- Born: Lydia Frances Polgreen 1975 (age 50–51) United States
- Education: St. John's College Columbia University
- Occupation: Journalist
- Notable credit(s): The Huffington Post The New York Times
- Spouse: Candace Feit

= Lydia Polgreen =

American journalist

Lydia Frances Polgreen (born 1975) is an American journalist. She was editorial director of NYT Global at The New York Times, and the West Africa bureau chief for the same publication, based in Dakar, Senegal, from 2005 to 2009. She also reported from India. She spent much of her early career in Johannesburg, South Africa where she was The New York Times South African Bureau Chief as well. She was editor-in-chief of HuffPost from 2016 to 2020, after which she spent about one year between 2021 and 2022 as the head of content for Gimlet Media. In 2022, after leaving Gimlet, she returned to The New York Times as an opinion columnist.

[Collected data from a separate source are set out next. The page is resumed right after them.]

lemma maximal_left_ideal_decompose:
  fixes M :: "'a::ring_1 set"
  assumes M: "maximal_left_ideal M" and "x \<notin> M"
  shows "\<exists>m\<in>M. \<exists>s. z = m + s * x"
proof -
  define K where "K = {m + s * x | m s. m \<in> M}"
  have LM: "left_ideal M"
    using M by (simp add: maximal_left_ideal_def)
  have K_mem: "m + s * x \<in> K" if "m \<in> M" for m s
    unfolding K_def using that by blast
  have "left_ideal K"
    unfolding left_ideal_def K_def
  proof (intro conjI ballI allI impI)
    have "(0::'a) = 0 + 0 * x"
      by simp
    then show "0 \<in> {m + s * x | m s. m \<in> M}"
      using left_ideal_zero[OF LM] by blast
  next
    fix a b assume "a \<in> {m + s * x | m s. m \<in> M}" "b \<in> {m + s * x | m s. m \<in> M}"
    then obtain m s m' s' where "a = m + s * x" "b = m' + s' * x" "m \<in> M" "m' \<in> M"
      by blast
    then have "a + b = (m + m') + (s + s') * x \<and> m + m' \<in> M"
      using left_ideal_add[OF LM] by (simp add: algebra_simps)
    then show "a + b \<in> {m + s * x | m s. m \<in> M}"
      by blast
  next
    fix r a assume "a \<in> {m + s * x | m s. m \<in> M}"
    then obtain m s where "a = m + s * x" "m \<in> M"
      by blast
    then have "r * a = r * m + (r * s) * x \<and> r * m \<in> M"
      using left_ideal_mult[OF LM] by (simp add: algebra_simps)
    then show "r * a \<in> {m + s * x | m s. m \<in> M}"
      by blast
  qed
  moreover have "M \<subseteq> K"
    using K_mem[where s = 0] by auto
  moreover have "x \<in> K"
    using K_mem[OF left_ideal_zero[OF LM], where s = 1] by simp
  ultimately have "K = UNIV"
    using M \<open>x \<notin> M\<close> unfolding maximal_left_ideal_def by blast
  then show ?thesis
    unfolding K_def by blast
qed

lemma maximal_left_ideal_preimage_mult_right:
  fixes M :: "'a::ring_1 set"
  assumes M: "maximal_left_ideal M" and "r \<notin> M"
  shows "maximal_left_ideal {y. y * r \<in> M}"
  unfolding maximal_left_ideal_def
proof (intro conjI allI impI)
  have LM: "left_ideal M"
    using M by (simp add: maximal_left_ideal_def)
  then show "left_ideal {y. y * r \<in> M}"
    by (auto simp: left_ideal_def distrib_right mult.assoc)
  show "{y. y * r \<in> M} \<noteq> UNIV"
    using \<open>r \<notin> M\<close> by (metis UNIV_I mem_Collect_eq mult_1)
  fix I assume I: "left_ideal I \<and> {y. y * r \<in> M} \<subseteq> I \<and> I \<noteq> UNIV"
  have "I \<subseteq> {y. y * r \<in> M}"
  proof (rule ccontr)
    assume "\<not> I \<subseteq> {y. y * r \<in> M}"
    then obtain y where "y \<in> I" "y * r \<notin> M"
      by blast
    have "z \<in> I" for z
    proof -
      obtain m s where "m \<in> M" "z * r = m + s * (y * r)"
        using maximal_left_ideal_decompose[OF M \<open>y * r \<notin> M\<close>] by blast
      then have "(z - s * y) * r \<in> M"
        by (simp add: algebra_simps)
      then have "(z - s * y) + s * y \<in> I"
        using I \<open>y \<in> I\<close> left_ideal_add left_ideal_mult by blast
      then show "z \<in> I"
        by simp
    qed
    then show False
      using I by blast
  qed
  then show "I = {y. y * r \<in> M}"
    using I by blast
qed

lemma jacobson_mult_right_mem: "x \<in> jacobson \<Longrightarrow> maximal_left_ideal M \<Longrightarrow> x * r \<in> M"
  using maximal_left_ideal_preimage_mult_right[of M r] left_ideal_mult[of M r x]
  by (cases "r \<in> M") (auto simp: jacobson_def maximal_left_ideal_def)

lemma two_sided_ideal_colon:
  assumes "left_ideal I"
  shows "two_sided_ideal {x. \<forall>t. x * t * c \<in> I}"
  unfolding two_sided_ideal_iff
proof (intro conjI allI impI)
  show "left_ideal {x. \<forall>t. x * t * c \<in> I}"
    using assms by (auto simp: left_ideal_def distrib_right mult.assoc)
  fix r x assume "x \<in> {x. \<forall>t. x * t * c \<in> I}"
  then have "x * (r * t) * c \<in> I" for t
    by blast
  then show "x * r \<in> {x. \<forall>t. x * t * c \<in> I}"
    by (simp add: mult.assoc)
qed

lemma colon_eq_maximal_ideal:
  fixes P :: "'a::ring_1 set"
  assumes P: "maximal_ideal P" and I: "left_ideal I" "P \<subseteq> I" and "c \<notin> I"
  shows "{x. \<forall>t. x * t * c \<in> I} = P"
proof -
  have "P \<subseteq> {x. \<forall>t. x * t * c \<in> I}"
    using P I(2) two_sided_ideal_mult_right unfolding maximal_ideal_def by blast
  moreover have "{x. \<forall>t. x * t * c \<in> I} \<noteq> UNIV"
    using \<open>c \<notin> I\<close> by (metis (mono_tags) UNIV_I mem_Collect_eq mult_1)
  ultimately show ?thesis
    using P two_sided_ideal_colon[OF I(1)] unfolding maximal_ideal_def by blast
qed

lemma jacobson_subset_maximal_ideal:
  assumes P: "maximal_ideal P"
  shows "jacobson \<subseteq> P"
proof -
  obtain M where M: "maximal_left_ideal M" "P \<subseteq> M"
    using exists_maximal_left_ideal P maximal_ideal_imp_left_ideal maximal_ideal_one_not_mem
    by blast
  have "{x. \<forall>t. x * t * 1 \<in> M} = P"
    using colon_eq_maximal_ideal[OF P _ M(2)] M(1) maximal_left_ideal_one_not_mem
    unfolding maximal_left_ideal_def by blast
  moreover have "jacobson \<subseteq> {x. \<forall>t. x * t * 1 \<in> M}"
    using jacobson_mult_right_mem[OF _ M(1)] by (simp add: subset_iff)
  ultimately show ?thesis
    by blast
qed

lemma maximal_ideal_prime:
  "maximal_ideal P \<Longrightarrow> \<forall>t. x * t * y \<in> P \<Longrightarrow> x \<in> P \<or> y \<in> P"
  using colon_eq_maximal_ideal[of P P y] maximal_ideal_imp_left_ideal by blast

She has received many honors and awards, among them, the 2009 Livingston Award for Excellence in International Reporting and, in 2011, the Medal for Excellence from Columbia University.

==Education==
Polgreen graduated from St. John's College in 1997 and Columbia University Graduate School of Journalism in 2000.

== Career ==
She started working at The New York Times in 2002.

In 2006, she received a George Polk Award in Foreign Reporting from Long Island University for her coverage of ethnic violence in the Darfur region of Sudan.

In February 2008, she covered the Battle of N'Djamena in Chad. Some of her work in N’Djamena was illustrated by the French freelance photographer Benedicte Kurzen.

In April 2016, she became the editorial director of NYT Global for The New York Times. On December 6, 2016, she left The New York Times to succeed the founder of The Huffington Post, Arianna Huffington, as editor-in-chief.

In 2021, she was named to Fast Company's Queer 50 list.

==Personal life==
Polgreen's mother is originally from Ethiopia, and her father was a white American.

Polgreen is married to Candace Feit, a documentary photographer. In November 2017, Polgreen was nominated to Out magazine's "OUT100" for 2017 in recognition of her work and visibility. She identifies as both Black and White; as American and African (she was born in America); as a woman; and as a lesbian.